What you are asked to do: Below are entries; tally how many lines hold the string "flip" and answer with only that figure.

Records for processing:
----------

lemma sum_wt_labeled_lattice_seqs:
  "(\<Sum>x\<in>labeled_lattice_seqs k n r. wt x) =
     (\<Sum>\<alpha>\<in>comps_C k r. comp_weight r \<alpha> *
        int ((r * k + n + 1 + length \<alpha> + (k - sum_list \<alpha>)) choose (k - sum_list \<alpha>)))"
proof -
  define fiber where "fiber \<alpha> = Lambda \<alpha> r \<times>
      lattice_seqs (r * k + n + 1 + length \<alpha>) (int (k - sum_list \<alpha>))" for \<alpha>
  have fiber: "finite (fiber \<alpha>) \<and> (\<Sum>x\<in>fiber \<alpha>. wt x) = comp_weight r \<alpha> *
      int ((r * k + n + 1 + length \<alpha> + (k - sum_list \<alpha>)) choose (k - sum_list \<alpha>))"
    if "\<alpha> \<in> comps_C k r" for \<alpha>
  proof -
    from that have "set \<alpha> \<subseteq> {1..r + 1}" and "0 \<notin> set \<alpha>"
      by (auto simp: mem_comps_C)
    then show ?thesis
      by (simp add: fiber_def finite_Lambda finite_lattice_seqs sum_wt_Lambda_times_lattice_seqs)
  qed
  have partition: "labeled_lattice_seqs k n r = (\<Union>\<alpha>\<in>comps_C k r. fiber \<alpha>)"
    by (auto simp: labeled_lattice_seqs_def fiber_def mem_comps_C of_nat_diff)
  have "(\<Sum>x\<in>labeled_lattice_seqs k n r. wt x) = (\<Sum>\<alpha>\<in>comps_C k r. \<Sum>x\<in>fiber \<alpha>. wt x)"
    unfolding partition
    by (rule sum.UNION_disjoint) (use fiber finite_comps_C in \<open>auto simp: fiber_def dest: shape_Lambda\<close>)
  also have "\<dots> = (\<Sum>\<alpha>\<in>comps_C k r. comp_weight r \<alpha> *
        int ((r * k + n + 1 + length \<alpha> + (k - sum_list \<alpha>)) choose (k - sum_list \<alpha>)))"
    using fiber by (intro sum.cong refl) blast
  finally show ?thesis .
qed

section \<open>Generating functions\<close>

definition geometric_fps :: "'a::comm_ring_1 fps" where
  "geometric_fps = Abs_fps (\<lambda>_. 1)"

lemma geometric_fps_nth [simp]: "geometric_fps $ n = 1"
  by (simp add: geometric_fps_def)

lemma geometric_fps_eq: "geometric_fps = 1 + fps_X * geometric_fps"
  by (rule fps_ext) (simp add: geometric_fps_def)

lemma one_minus_fps_X_mult_geometric_fps: "(1 - fps_X) * geometric_fps = 1"
proof -
  have "(1 - fps_X) * geometric_fps = geometric_fps - fps_X * geometric_fps"
    by (simp add: algebra_simps)
  then show ?thesis
    by (metis geometric_fps_eq add_diff_cancel_right')
qed

lemma one_minus_fps_X_power_mult_geometric_fps_power:
  assumes "r \<le> q"
  shows "(1 - fps_X) ^ r * geometric_fps ^ q = geometric_fps ^ (q - r)"
proof -
  have "(1 - fps_X) ^ r * geometric_fps ^ q =
      ((1 - fps_X) * geometric_fps) ^ r * geometric_fps ^ (q - r)"
    unfolding power_mult_distrib using assms
    by (simp only: mult.assoc flip: power_add) simp
  then show ?thesis
    by (simp add: one_minus_fps_X_mult_geometric_fps)
qed

lemma geometric_fps_power_nth:
  "(geometric_fps ^ Suc p :: 'a::comm_ring_1 fps) $ t = of_nat ((p + t) choose t)"
proof (induction p arbitrary: t)
  case 0
  show ?case
    by simp
next
  case (Suc p)
  have "(geometric_fps ^ Suc (Suc p) :: 'a fps) $ t = (geometric_fps ^ Suc p * geometric_fps) $ t"
    by (simp only: power_Suc2)
  also have "\<dots> = (\<Sum>i=0..t. of_nat ((p + i) choose i))"
    unfolding fps_mult_nth geometric_fps_nth mult_1_right by (rule sum.cong) (simp_all only: Suc.IH)
  also have "\<dots> = of_nat ((Suc p + t) choose t)"
    by (simp flip: of_nat_sum add: sum_choose_lower atLeast0AtMost)
  finally show ?case .
qed

lemma one_minus_fps_X_power_eq:
  "(1 - fps_X) ^ r =
     (\<Sum>b\<le>r. fps_const ((-1) ^ b * of_nat (r choose b)) * fps_X ^ b :: 'a::comm_ring_1 fps)"
proof -
  have "(1 - fps_X :: 'a fps) ^ r = (- fps_X + 1) ^ r"
    by simp
  also have "\<dots> = (\<Sum>b\<le>r. of_nat (r choose b) * (- fps_X) ^ b * 1 ^ (r - b))"
    by (rule binomial_ring)
  also have "\<dots> = (\<Sum>b\<le>r. fps_const ((-1) ^ b * of_nat (r choose b)) * fps_X ^ b)"
  proof (rule sum.cong[OF refl])
    fix b
    have "(-1 :: 'a fps) ^ b = fps_const ((-1) ^ b)"
      by (metis fps_const_neg fps_const_1_eq_1 fps_const_power)
    then have "(- fps_X :: 'a fps) ^ b = fps_const ((-1) ^ b) * fps_X ^ b"
      by (simp only: power_minus[of fps_X])
    moreover have "(of_nat (r choose b) :: 'a fps) = fps_const (of_nat (r choose b))"
      by (simp add: fps_of_nat)
    ultimately show "of_nat (r choose b) * (- fps_X) ^ b * 1 ^ (r - b) =
        fps_const ((-1) ^ b * of_nat (r choose b)) * (fps_X ^ b :: 'a fps)"
      by (simp only: power_one mult_1_right mult_1_left fps_const_mult[symmetric] mult_ac)
  qed
  finally show ?thesis .
qed

lemma fps_nth_eq_if_fps_X_power_dvd_diff:
  fixes f g :: "'a::comm_ring_1 fps"
  assumes "fps_X ^ N dvd f - g" and "j < N"
  shows "f $ j = g $ j"
proof -
  from assms(1) obtain h where "f - g = fps_X ^ N * h"
    by (elim dvdE)
  then have "(f - g) $ j = 0"
    using assms(2) by (simp add: fps_X_power_mult_nth)
  then show ?thesis
    by simp
qed

definition comp_fps :: "nat \<Rightarrow> nat list \<Rightarrow> int fps" where
  "comp_fps r \<alpha> = fps_const (comp_weight r \<alpha>) * fps_X ^ sum_list \<alpha> * geometric_fps ^ length \<alpha>"

lemma comp_fps_Cons: "comp_fps r (a # \<alpha>) = comp_fps r [a] * comp_fps r \<alpha>"
  by (simp add: comp_fps_def comp_weight_def power_add mult_ac)

lemma fps_X_power_sum_list_dvd_comp_fps: "fps_X ^ sum_list \<alpha> dvd comp_fps r \<alpha>"
  unfolding comp_fps_def by (rule dvd_mult2, rule dvd_mult, rule dvd_refl)

definition comps_fps :: "nat \<Rightarrow> nat \<Rightarrow> int fps" where
  "comps_fps r K = (\<Sum>\<alpha>\<in>comps_C K r. comp_fps r \<alpha>)"

lemma comps_fps_eq:
  "comps_fps r K = 1 + (\<Sum>a\<in>{a\<in>{2..r + 1}. a \<le> K}. comp_fps r [a] * comps_fps r (K - a))"
proof -
  let ?A = "{a\<in>{2..r + 1}. a \<le> K}"
  have fin: "finite (\<Union>a\<in>?A. (#) a ` comps_C (K - a) r)"
    by (simp add: finite_comps_C)
  have "[] \<notin> (\<Union>a\<in>?A. (#) a ` comps_C (K - a) r)"
    by auto
  with fin have "comps_fps r K = comp_fps r [] + (\<Sum>\<alpha>\<in>(\<Union>a\<in>?A. (#) a ` comps_C (K - a) r). comp_fps r \<alpha>)"
    unfolding comps_fps_def comps_C_eq_insert_Cons[of K r] by (rule sum.insert)
  also have "(\<Sum>\<alpha>\<in>(\<Union>a\<in>?A. (#) a ` comps_C (K - a) r). comp_fps r \<alpha>) =
      (\<Sum>a\<in>?A. \<Sum>\<alpha>\<in>(#) a ` comps_C (K - a) r. comp_fps r \<alpha>)"
    by (rule sum.UNION_disjoint) (auto simp: finite_comps_C)
  also have "\<dots> = (\<Sum>a\<in>?A. comp_fps r [a] * comps_fps r (K - a))"
  proof (rule sum.cong[OF refl])
    fix a
    have "(\<Sum>\<alpha>\<in>(#) a ` comps_C (K - a) r. comp_fps r \<alpha>) = (\<Sum>\<beta>\<in>comps_C (K - a) r. comp_fps r (a # \<beta>))"
      by (rule sum.reindex[unfolded comp_def]) (simp add: inj_on_def)
    also have "\<dots> = (\<Sum>\<beta>\<in>comps_C (K - a) r. comp_fps r [a] * comp_fps r \<beta>)"
      by (intro sum.cong refl comp_fps_Cons)
    finally show "(\<Sum>\<alpha>\<in>(#) a ` comps_C (K - a) r. comp_fps r \<alpha>) = comp_fps r [a] * comps_fps r (K - a)"
      by (simp only: comps_fps_def sum_distrib_left)
  qed
  finally show ?thesis
    by (simp add: comp_fps_def comp_weight_def)
qed

lemma comps_fps_diff_dvd:
  assumes "K \<le> K'"
  shows "fps_X ^ Suc K dvd comps_fps r K' - comps_fps r K"
proof -
  have sub: "comps_C K r \<subseteq> comps_C K' r"
    using assms by (auto simp: mem_comps_C)
  then have "comps_fps r K' - comps_fps r K = (\<Sum>\<alpha>\<in>comps_C K' r - comps_C K r. comp_fps r \<alpha>)"
    by (simp add: comps_fps_def sum.subset_diff[OF sub finite_comps_C])
  also have "fps_X ^ Suc K dvd \<dots>"
  proof (rule dvd_sum)
    fix \<alpha> assume "\<alpha> \<in> comps_C K' r - comps_C K r"
    then have "\<not> sum_list \<alpha> \<le> K"
      by (simp add: mem_comps_C) blast
    then show "fps_X ^ Suc K dvd comp_fps r \<alpha>"
      using le_imp_power_dvd[of "Suc K" "sum_list \<alpha>"] fps_X_power_sum_list_dvd_comp_fps dvd_trans
      by (metis not_less_eq_eq)
  qed
  finally show ?thesis .
qed

definition parts_fps :: "nat \<Rightarrow> int fps" where
  "parts_fps r = (\<Sum>a=2..r + 1. comp_fps r [a])"

lemma parts_fps_eq: "parts_fps r = fps_X * ((1 - fps_X) ^ r - 1) * geometric_fps"
proof -
  let ?c = "\<lambda>b. fps_const ((-1) ^ b * int (r choose b)) :: int fps"
  have "fps_X * ((1 - fps_X) ^ r - 1) = (\<Sum>b=0..r. ?c b * fps_X ^ Suc b) - fps_X"
    unfolding one_minus_fps_X_power_eq atLeast0AtMost right_diff_distrib sum_distrib_left
    by (simp only: power_Suc mult_1_right mult_ac)
  also have "\<dots> = (\<Sum>b=1..r. ?c b * fps_X ^ Suc b)"
    by (simp add: sum.atLeast_Suc_atMost)
  also have "\<dots> = (\<Sum>a=2..r + 1. ?c (a - 1) * fps_X ^ a)"
    using sum.shift_bounds_cl_Suc_ivl[of "\<lambda>a. ?c (a - 1) * fps_X ^ a" 1 r]
    by (simp add: numeral_2_eq_2)
  finally have "fps_X * ((1 - fps_X) ^ r - 1) = (\<Sum>a=2..r + 1. ?c (a - 1) * fps_X ^ a)" .
  moreover have "parts_fps r = (\<Sum>a=2..r + 1. ?c (a - 1) * fps_X ^ a) * geometric_fps"
    unfolding parts_fps_def sum_distrib_right
    by (intro sum.cong refl) (simp add: comp_fps_def comp_weight_def)
  ultimately show ?thesis
    by simp
qed

lemma one_minus_parts_fps: "1 - parts_fps r = (1 - fps_X * (1 - fps_X) ^ r) * geometric_fps"
proof -
  have "1 - parts_fps r = (1 + fps_X * geometric_fps) - fps_X * (1 - fps_X) ^ r * geometric_fps"
    unfolding parts_fps_eq
    by (simp only: right_diff_distrib left_diff_distrib mult_1_right diff_diff_eq2 diff_add_eq
        add.commute)
  also have "\<dots> = geometric_fps - fps_X * (1 - fps_X) ^ r * geometric_fps"
    by (simp only: geometric_fps_eq[symmetric])
  also have "\<dots> = (1 - fps_X * (1 - fps_X) ^ r) * geometric_fps"
    by (simp only: left_diff_distrib mult_1_left)
  finally show ?thesis .
qed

----------

Response: 2